For the ag investor, of course, the real question is how this actually hits supply and demand, and thus prices, should all of this get finalized in the 2010 budget.
If direct payments are truly "non-distorting to price or production," then the elimination of the payments should have no impact on commodity prices. Of course, if the programs actually have zero impact on price or production, it bears the question: What they heck good are they doing anyway?
Regardless, if in the long run farmers are unable to get credit for the purchases they need, then inevitably some level of production will suffer, either through smaller harvests of starved crops or due to lower crop plantings. Of course, if that happens, commodity prices will rise and farmers will once again have incentive to plant larger crops.

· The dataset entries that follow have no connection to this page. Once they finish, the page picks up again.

(* For $|q|<1$, let $$S(q):=\sum_{n=1}^{\infty} \frac{q^n (q^{n+1};q)_n (q^{2n+2};q^2)_{\infty}}{(1+q^n)(-q^{n+1};q)_n (-q^{2n+2};q^2)_{\infty}}.$$ Then $$S(q)=-\sum_{n=1}^{\infty} (-1)^n q^{2n^2}+\sum_{k=1}^{\infty} \frac{q^{k} (q;q^2)_{k}}{(-q;q^2)_k (1+q^{2k})}.$$
   Context: $(a;q)_n=\prod_{j=0}^{n-1}(1-aq^j)$, $(a;q)_\infty=\prod_{j\ge0}(1-aq^j)$. *)

theory Defs
  imports "HOL-Analysis.Analysis"
begin

definition qpoch :: "complex \<Rightarrow> complex \<Rightarrow> nat \<Rightarrow> complex" where
  "qpoch a q n = (\<Prod>j<n. 1 - a * q ^ j)"

definition qpoch_inf :: "complex \<Rightarrow> complex \<Rightarrow> complex" where
  "qpoch_inf a q = (\<Prod>j. 1 - a * q ^ j)"

end

theory Submission
  imports Defs
begin

(* Each summand equals R/2 * q^m (q;q^2)_m (-1;q)_m / ((-q;q^2)_m (q;q)_m) with m = n + 1
   and R = (q^2;q^2)_inf / (-q^2;q^2)_inf.  Expanding (q;q^2)_m / (-q;q^2)_m by the
   q-binomial theorem in base q^2 gives an absolutely convergent double series; summed in
   the other order its inner sums are q-binomial series in base q, and one obtains
     sum_{m>=0} q^m (q;q^2)_m (-1;q)_m / ((-q;q^2)_m (q;q)_m)
       = 2/R * sum_{j>=0} q^j (q;q^2)_j / ((-q;q^2)_j (1 + q^(2j))).
   Gauss' identity R = 1 + 2 sum_{n>=1} (-1)^n q^(2n^2), obtained by letting n -> inf in
   Cauchy's finite q-binomial theorem, turns the terms m = 0 and j = 0 into the theta series. *)

section \<open>q-Pochhammer symbols\<close>

lemma qpoch_0 [simp]: "qpoch a b 0 = 1"
  by (simp add: qpoch_def)

lemma qpoch_Suc: "qpoch a b (Suc n) = qpoch a b n * (1 - a * b ^ n)"
  by (simp add: qpoch_def)

lemma qpoch_add: "qpoch a b (m + n) = qpoch a b m * qpoch (a * b ^ m) b n"
  by (induction n) (simp_all add: qpoch_Suc power_add mult_ac)

lemma qpoch_even_odd: "qpoch a b (2 * n) = qpoch a (b\<^sup>2) n * qpoch (a * b) (b\<^sup>2) n"
proof (induction n)
  case (Suc n)
  have "qpoch a b (2 * Suc n) = qpoch a b (2 * n) * (1 - a * b ^ (2 * n)) * (1 - a * b ^ Suc (2 * n))"
    by (simp add: qpoch_Suc)
  also have "\<dots> = qpoch a (b\<^sup>2) (Suc n) * qpoch (a * b) (b\<^sup>2) (Suc n)"
    unfolding qpoch_Suc Suc.IH power_mult[symmetric] by (simp add: mult_ac)
  finally show ?case .
qed simp

lemma qpoch_plus_minus: "qpoch (- a) b n * qpoch a b n = qpoch (a\<^sup>2) (b\<^sup>2) n"
  by (induction n) (simp_all add: qpoch_Suc algebra_simps power2_eq_square power_mult_distrib)

lemma qpoch_minus_one: "qpoch (- 1) b n * (1 + b ^ n) = 2 * qpoch (- b) b n"
  using qpoch_add[of "- 1" b 1 n] qpoch_add[of "- 1" b n 1] by (simp add: qpoch_def)

lemma one_minus_mult_power_nonzero:
  fixes a b :: complex
  assumes "norm a \<le> 1" "a \<noteq> 1" "norm b < 1"
  shows "1 - a * b ^ j \<noteq> 0"
proof (cases "j = 0")
  case False
  have "norm (a * b ^ j) \<le> norm b ^ j"
    using assms by (simp add: norm_mult norm_power mult_left_le_one_le)
  also have "\<dots> < 1"
    using assms False by (simp add: power_less_one_iff)
  finally show ?thesis by auto
qed (use assms in simp)

lemma qpoch_nonzero:
  fixes a b :: complex
  assumes "norm a < 1" "norm b < 1"
  shows "qpoch a b n \<noteq> 0"
proof -
  have "a \<noteq> 1"
    using assms by auto
  then show ?thesis
    using one_minus_mult_power_nonzero[of a b] assms by (simp add: qpoch_def)
qed

lemma qpoch_convergent_prod:
  fixes a b :: complex
  assumes "norm b < 1"
  shows "convergent_prod (\<lambda>j. 1 - a * b ^ j)"
proof -
  have "summable (\<lambda>j. norm a * norm b ^ j)"
    using assms by (intro summable_mult summable_geometric) simp
  then show ?thesis
    by (intro abs_convergent_prod_imp_convergent_prod summable_imp_abs_convergent_prod)
       (simp add: norm_mult norm_power)
qed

It comes down to just how pointless you think the subsidies were in the first place. Totally pointless? No impact. Actually relevant? This makes prices go up, long term.
Net-net: Possibly bad for farmers and consumers; good for commodity investors.
Cotton - A Special Case?
As a nonperishable commodity, cotton is a little different from other ags. Like oil, it can be stashed away for a rainy day. Right now, farmers have the ability to store it in a government-approved facility and borrow money against it. Until now, the government has been footing the bill for this storage by giving farmers "cotton storage credits." The budget proposes to eliminate these credits. If approved, it will suddenly be less profitable to stash a year's cotton crop. The implication is that more cotton could come to the market seasonally (with theoretically less supply off-harvest). This means volatility.
Right now, cotton doesn't trade with any real seasonality. Of course, if cotton prices are already low, farmers may bite the bullet and continue to store their product, borrowing money until it makes financial sense to sell the crop. While the cotton industry may not support this move, it may serve to make the cotton market more transparent, and ultimately, transparency is always good for investors.